Hamish Hansford, the deputy secretary of the Department of Home Affairs, told a Senate legal affairs committee this week that it was monitoring the security risks of internet-connected cars, given they didn’t fall under cybersecurity laws in Australia.
“We are looking at the risk posed by connected vehicles generally,” he said.
“Connected technology, whatever device we’re talking about, has the potential for a number of vulnerabilities.”
His colleague Tim Neal, an assistant secretary on Commonwealth security policy, said the Federal Government’s Protective Security Policy Framework banned public servants from synching their smartphone in a “BYD or any other connected vehicle”.
“They would be unable to connect a government phone into a connected vehicle and that is standard for all connected vehicles across all fleets,” he said.
Chinese carmakers speak
Polestar, an upmarket Volvo offshoot majority owned by Chinese carmaker Geely, said that as a Swedish-headquartered company, it adhered to the European Union’s General Data Protection Regulation and not Chinese laws.
“Polestar cars do not store or transmit any internal audio or video recordings outside of the vehicle environment,” a spokesman told The Nightly.
“Polestar adheres to the laws and regulations in local markets. Polestar is headquartered in Sweden and is required to comply with the GDPR. Customer data outside of China is processed and stored in data servers outside of China.
“Personal data for customer cars in all countries outside of China is processed and stored in accordance with applicable laws, on data servers outside of China.”
Chery said it obeyed Australian laws when it came to data security.
“Chery Australia is committed to upholding the highest standards of safety and transparency, and treats these obligations with the utmost seriousness,” it said.
“Chery conducts product development in strict accordance with global standards, and all products exported to Australia comply with the relevant regulations and safety standards in Australia.
“Furthermore, Chery continues to proactively collaborate with regulators to ensure our technology meets the stringent requirements regarding data security and consumer protection.”
The Nightly contacted BYD but did not get a response.
China car warnings
Alastair MacGibbon, the chief strategy officer of CyberCX who previously advised former prime minister Malcolm Turnbull on cybersecurity, has warned Chinese cars could be controlled remotely and potentially detonated, and is urging ministers and public officials to avoid riding in them.
“Mr MacGibbon is pointing to catastrophic vulnerabilities. Whether or not they’re possible, we’d have to look at each scenario and get a judgement, particularly from our technical agencies about our plausibility of that happening,” Mr Hansford said.
“But we are aware that cyber threats in particular are impacting Australia and connected technology is one vector.”
Strategic Analysis Australia director Michael Shoebridge has told The Nightly government officials and ministers could have their conversations in a Chinese car recorded.
“When people like Alastair MacGibbon, one of the most preeminent cybersecurity experts in Australia, and Michael Shoebridge, who is highly regarded for his national security work, say that there are deep concerns about cyber aspects of Chinese-made electric vehicles, we should take those concerns seriously,” Mr Tehan said.

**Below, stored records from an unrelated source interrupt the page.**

lemma gr_prod_roots_ind_invariant:
  fixes s t :: "nat \<Rightarrow> nat"
  defines "P \<equiv> gr_prod (\<lambda>j. gr_smult (1 / of_nat (s j)) (roots_ind (t j)) - roots_ind 1)"
  assumes "\<forall>j\<le>n. 0 < t j" "\<forall>j<n. t j dvd t (Suc j)" "k \<le> n"
  shows "gr_supported (P k) (t k) \<and> gr_mass (t k) (P k) = (\<Prod>i=1..k. of_nat (t i) / of_nat (s i) - 1)"
  using assms(4)
proof (induction k)
  case 0
  have "gr_mass (t 0) (roots_ind 1) = 1"
    using gr_mass_supported[OF gr_supported_roots_ind[of 1 1] one_dvd, of "t 0"] assms(2)
      gr_mass_roots_ind[of 1] by simp
  then show ?case
    by (simp add: P_def gr_basis_one_eq_roots_ind gr_supported_roots_ind)
next
  case (Suc k)
  let ?T = "t (Suc k)"
  have T: "0 < ?T" "t k dvd ?T"
    using assms(2,3) Suc.prems by auto
  have IH: "gr_supported (P k) (t k)" "gr_mass (t k) (P k) = (\<Prod>i=1..k. of_nat (t i) / of_nat (s i) - 1)"
    using Suc by simp_all
  have supp: "gr_supported (P k) ?T"
    using gr_supported_mono[OF IH(1) T(2)] .
  have mass: "gr_mass ?T (P k) = (\<Prod>i=1..k. of_nat (t i) / of_nat (s i) - 1)"
    using gr_mass_supported[OF IH(1) T(2,1)] IH(2) by simp
  have P_Suc: "P (Suc k) = gr_smult (1 / of_nat (s (Suc k)) * gr_mass ?T (P k)) (roots_ind ?T) - P k"
    using gr_mult_roots_ind_step[OF supp T(1)] by (simp add: P_def)
  have "gr_supported (P (Suc k)) ?T"
    unfolding P_Suc using supp by (intro gr_supported_diff_smult gr_supported_roots_ind) simp_all
  moreover have "gr_mass ?T (P (Suc k)) = (\<Prod>i=1..Suc k. of_nat (t i) / of_nat (s i) - 1)"
    unfolding P_Suc gr_mass_diff_smult gr_mass_roots_ind[OF T(1)] mass
    by (simp add: prod.cl_ivl_Suc algebra_simps)
  ultimately show ?case
    by simp
qed

lemma gr_prod_roots_ind_recursion:
  fixes s t :: "nat \<Rightarrow> nat"
  defines "P \<equiv> gr_prod (\<lambda>j. gr_smult (1 / of_nat (s j)) (roots_ind (t j)) - roots_ind 1)"
  assumes "\<forall>j\<le>n. 0 < t j" "\<forall>j<n. t j dvd t (Suc j)" "k < n"
  shows "P (Suc k) = gr_smult ((\<Prod>i=1..k. of_nat (t i) / of_nat (s i) - 1) / of_nat (s (Suc k)))
    (roots_ind (t (Suc k))) - P k"
proof -
  have IH: "gr_supported (P k) (t k)" "gr_mass (t k) (P k) = (\<Prod>i=1..k. of_nat (t i) / of_nat (s i) - 1)"
    using gr_prod_roots_ind_invariant[OF assms(2,3), of k s] assms(4) by (simp_all add: P_def)
  have T: "0 < t (Suc k)" "t k dvd t (Suc k)"
    using assms(2,3,4) by auto
  have "P (Suc k) = gr_mult (P k) (gr_smult (1 / of_nat (s (Suc k))) (roots_ind (t (Suc k))) - roots_ind 1)"
    by (simp add: P_def)
  also have "\<dots> = gr_smult (1 / of_nat (s (Suc k)) * gr_mass (t (Suc k)) (P k)) (roots_ind (t (Suc k))) - P k"
    using gr_mult_roots_ind_step[OF gr_supported_mono[OF IH(1) T(2)] T(1)] .
  finally show ?thesis
    using gr_mass_supported[OF IH(1) T(2,1)] IH(2) by simp
qed

lemma gr_prod_Lambda_closed_form:
  fixes s t :: "nat \<Rightarrow> nat"
  assumes "\<forall>j\<le>n. 0 < t j" "\<forall>j<n. t j dvd t (Suc j)"
  shows "gr_prod (\<lambda>j. gr_smult (1 / of_nat (s j)) (Lambda (t j)) - Lambda 1) n
    = gr_smult ((-1)^n) (Lambda 1) + (\<Sum>j=1..n. gr_smult ((-1)^(n - j)
        * ((\<Prod>i=1..j-1. of_nat (t i) / of_nat (s i) - 1) / of_nat (s j))) (Lambda (t j)))"
proof -
  have Lambda_t: "Lambda (t j) = roots_ind (t j)" if "j \<le> n" for j
    using assms(1) that by (simp add: Lambda_eq_roots_ind)
  have Lambda_1: "Lambda 1 = roots_ind 1"
    by (simp add: Lambda_eq_roots_ind)
  have sum_Lambda: "(\<Sum>j=1..n. gr_smult (c j) (Lambda (t j))) = (\<Sum>j=1..n. gr_smult (c j) (roots_ind (t j)))"
    for c
    using Lambda_t by (intro sum.cong) auto
  have "gr_prod (\<lambda>j. gr_smult (1 / of_nat (s j)) (Lambda (t j)) - Lambda 1) n
    = gr_prod (\<lambda>j. gr_smult (1 / of_nat (s j)) (roots_ind (t j)) - roots_ind 1) n"
    unfolding Lambda_1 using Lambda_t by (intro gr_prod_cong) simp
  also have "\<dots> = gr_smult ((-1)^n) (roots_ind 1) + (\<Sum>j=1..n. gr_smult ((-1)^(n - j)
        * ((\<Prod>i=1..j-1. of_nat (t i) / of_nat (s i) - 1) / of_nat (s j))) (roots_ind (t j)))"
    by (intro gr_alternating_recursion)
      (simp_all only: gr_prod_roots_ind_recursion[OF assms] gr_prod.simps(1) gr_basis_one_eq_roots_ind
        diff_Suc_1)
  finally show ?thesis
    unfolding Lambda_1 sum_Lambda .
qed

locale reduced_recurrence_chain =
  fixes n :: nat and a :: "nat \<Rightarrow> nat" and s0 t0 :: nat and w :: "nat \<Rightarrow> rat" and s t :: "nat \<Rightarrow> nat"
  assumes a_pos: "\<forall>j\<in>{1..n}. 1 \<le> a j"
    and s0_lt_t0: "s0 < t0"
    and coprime_s0_t0: "coprime s0 t0"
    and w_0: "w 0 = of_nat s0 / of_nat t0"
    and w_rec: "\<forall>j\<in>{1..n}. 0 < w j \<and> w j < 1 \<and> of_nat (a j) * w j + w (j - 1) = 1"
    and s_0: "s 0 = s0" and t_0: "t 0 = t0"
    and w_eq_frac: "\<forall>j\<in>{1..n}. 0 < t j \<and> coprime (s j) (t j) \<and> w j = of_nat (s j) / of_nat (t j)"
begin

definition beta :: "nat \<Rightarrow> nat" where
  "beta j = gcd (t (j - 1) - s (j - 1)) (a j)"

definition alpha :: "nat \<Rightarrow> nat" where
  "alpha j = a j div beta j"

lemma a_gt_0: "i \<in> {1..n} \<Longrightarrow> 0 < a i"
  using a_pos by (auto simp: Suc_le_eq)

lemma recurrence: "\<forall>j\<in>{1..n}. of_nat (a j) * w j + w (j - 1) = 1"
  using w_rec by blast

lemma reduced_fraction:
  assumes "j \<le> n"
  shows "0 < t j \<and> s j < t j \<and> coprime (s j) (t j) \<and> w j = of_nat (s j) / of_nat (t j)"
proof (cases j)
  case 0
  then show ?thesis
    using s0_lt_t0 coprime_s0_t0 w_0 s_0 t_0 by simp
next
  case (Suc k)
  then have "0 < t j" "coprime (s j) (t j)" "w j = of_nat (s j) / of_nat (t j)" "w j < 1"
    using assms w_eq_frac w_rec by auto
  then show ?thesis
    by (simp add: divide_less_eq)
qed

lemma w_ne_0: "\<forall>j\<in>{1..n}. w j \<noteq> 0"
  using w_rec by fastforce

lemma w_0_lt_1: "w 0 < 1"
  using w_0 s0_lt_t0 by (simp add: divide_less_eq)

Joe Biden, in his final month as US President, in January introduced a ban on cars with Chinese or Russian software, that is coming into effect in 2027, with Mr Hansford revealing his department had spoken to the American Department of Commerce on its policy.
Prime Minister Anthony Albanese last month scoffed at a suggestion he was putting Australia’s security at risk when he jumped into a Chinese-made Great Wall SUV at the Pacific Islands Forum in Honiara, the capital of the Solomon Islands.
“It’s just a car. It gets you from A to B, seriously,” he told reporters.